What you have to do – For each line below that holds the word "Longrightarrow", make a copy.

Supplied material –
--- START ---
lemma opt2_local_bound_cached:
  assumes "opt2_local_feasible a m lam x" "0 \<le> \<eta>" "\<eta> \<le> 1" "\<mu> \<le> \<eta> * a"
  shows "a * m + x \<le> \<mu> * m + \<eta> * lam + (a - \<mu>)"
proof -
  have x: "0 \<le> x" "x \<le> lam" "x \<le> a * (1 - m)" and m: "m \<le> 1"
    using assms(1) unfolding opt2_local_feasible_def by auto
  have "\<eta> * x \<le> \<eta> * lam" using x assms(2) by (intro mult_left_mono) auto
  moreover have "(1 - \<eta>) * x \<le> (1 - \<eta>) * (a * (1 - m))" using x assms(3) by (intro mult_left_mono) auto
  moreover have "(1 - m) * (\<mu> - \<eta> * a) \<le> 0" using m assms(4) by (intro mult_nonneg_nonpos) auto
  ultimately show ?thesis by (simp add: algebra_simps)
qed

lemma opt2_local_bound_uncached:
  assumes "opt2_local_feasible a m lam x" "0 \<le> \<eta>" "\<eta> \<le> 1" "1 + a \<le> \<mu> + \<eta>"
  shows "a * m + x \<le> \<mu> * m + \<eta> * lam"
proof -
  have x: "0 \<le> x" "x \<le> lam" "lam \<le> m" and m: "0 \<le> m"
    using assms(1) unfolding opt2_local_feasible_def by auto
  have "\<eta> * x \<le> \<eta> * lam" using x assms(2) by (intro mult_left_mono) auto
  moreover have "(1 - \<eta>) * x \<le> (1 - \<eta>) * m" using x assms(3) by (intro mult_left_mono) auto
  moreover have "(1 + a - \<mu> - \<eta>) * m \<le> 0" using m assms(4) by (intro mult_nonpos_nonneg) auto
  ultimately show ?thesis by (simp add: algebra_simps)
qed

text \<open>Split x = p x + q x + \<eta> x and bound the three parts by m, a (1 - m) and lam; the
  weight q is chosen so that the coefficient of m cancels.\<close>

lemma opt2_local_bound_partial:
  assumes "opt2_local_feasible a m lam x" "0 \<le> a" "0 \<le> \<eta>" "\<eta> * a \<le> \<mu>" "\<mu> + \<eta> \<le> 1 + a"
  shows "a * m + x \<le> \<mu> * m + \<eta> * lam + (1 + a - \<mu> - \<eta>) * a / (1 + a)"
proof -
  define q where "q = (1 + a - \<mu> - \<eta>) / (1 + a)"
  define p where "p = 1 - \<eta> - q"
  have x: "0 \<le> x" "x \<le> lam" "lam \<le> m" "x \<le> a * (1 - m)"
    using assms(1) unfolding opt2_local_feasible_def by auto
  have q_eq: "q * (1 + a) = 1 + a - \<mu> - \<eta>" unfolding q_def using assms(2) by simp
  have "0 \<le> q" unfolding q_def using assms(2,5) by simp
  have "0 \<le> p * (1 + a)" unfolding p_def using q_eq assms(4) by (simp add: algebra_simps)
  then have "0 \<le> p" using assms(2) by (simp add: zero_le_mult_iff)
  have "\<eta> * x \<le> \<eta> * lam" using x assms(3) by (intro mult_left_mono) auto
  moreover have "p * x \<le> p * m" using x \<open>0 \<le> p\<close> by (intro mult_left_mono) auto
  moreover have "q * x \<le> q * (a * (1 - m))" using x \<open>0 \<le> q\<close> by (intro mult_left_mono) auto
  moreover have "a * m + x = (p * x + q * x + \<eta> * x) + a * m" unfolding p_def by (simp add: algebra_simps)
  moreover have "p * m + q * (a * (1 - m)) + a * m = \<mu> * m + q * a"
  proof -
    have "(1 + a - \<eta> - q * (1 + a)) * m = \<mu> * m" using q_eq by simp
    then show ?thesis unfolding p_def by (simp add: algebra_simps)
  qed
  ultimately have "a * m + x \<le> \<mu> * m + \<eta> * lam + q * a" by linarith
  then show ?thesis unfolding q_def by simp
qed

text \<open>Weak LP duality, with multiplier \<mu> for the cache constraint, \<eta> \<ge> 0 for the
  bandwidth constraint and h c bounding the Lagrangian of content c over its local polytope.\<close>

lemma opt2_optimal_by_certificate:
  fixes \<mu> \<eta> :: real and h :: "nat \<Rightarrow> real"
  assumes feasible: "opt2_feasible C M r m lam x"
    and lam_sum: "(\<Sum>c=1..C. lam c) = 1"
    and eta_nonneg: "0 \<le> \<eta>"
    and tight: "\<And>c. c \<in> {1..C} \<Longrightarrow> r c * m c + x c = \<mu> * m c + \<eta> * lam c + h c"
    and bound: "\<And>c m' lam' x'. c \<in> {1..C} \<Longrightarrow> opt2_local_feasible (r c) m' lam' x' \<Longrightarrow>
                  r c * m' + x' \<le> \<mu> * m' + \<eta> * lam' + h c"
  shows "opt2_optimal C M r m lam x"
  unfolding opt2_optimal_def
proof (intro conjI allI impI feasible)
  fix m' lam' x' assume feasible': "opt2_feasible C M r m' lam' x'"
  have dual: "(\<Sum>c=1..C. \<mu> * m c + \<eta> * lam c + h c) =
      \<mu> * (\<Sum>c=1..C. m c) + \<eta> * (\<Sum>c=1..C. lam c) + sum h {1..C}" for m lam :: "nat \<Rightarrow> real"
    by (simp add: sum.distrib sum_distrib_left)
  have "opt2_obj C r m' x' \<le> (\<Sum>c=1..C. \<mu> * m' c + \<eta> * lam' c + h c)"
    unfolding opt2_obj_def using feasible' bound by (intro sum_mono) (auto simp: opt2_feasible_iff_local)
  also have "\<dots> \<le> \<mu> * real M + \<eta> + sum h {1..C}"
    using feasible' eta_nonneg mult_left_mono[of _ 1 \<eta>] unfolding dual opt2_feasible_def by auto
  also have "\<dots> = (\<Sum>c=1..C. \<mu> * m c + \<eta> * lam c + h c)"
    using feasible lam_sum unfolding dual opt2_feasible_def by simp
  also have "\<dots> = opt2_obj C r m x"
    unfolding opt2_obj_def using tight by simp
  finally show "opt2_obj C r m' x' \<le> opt2_obj C r m x" .
qed

lemma opt2_lx_eq_tail:
  assumes "1 \<le> M" "M \<le> cs" "1 \<le> c"
  shows "opt2_lx r M cs c = opt2_tail r M cs c"
  using assms unfolding opt2_lx_def opt2_tail_def by auto

lemma opt2_m_eq_tail:
  assumes "1 \<le> M" "M \<le> cs" "1 \<le> c"
  shows "opt2_m r M cs c = (if c < M then 1 else 0) + opt2_tail r M cs c"
  using assms unfolding opt2_m_def opt2_tail_def by auto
--- END ---
Written answer –
    and tight: "\<And>c. c \<in> {1..C} \<Longrightarrow> r c * m c + x c = \<mu> * m c + \<eta> * lam c + h c"
    and bound: "\<And>c m' lam' x'. c \<in> {1..C} \<Longrightarrow> opt2_local_feasible (r c) m' lam' x' \<Longrightarrow>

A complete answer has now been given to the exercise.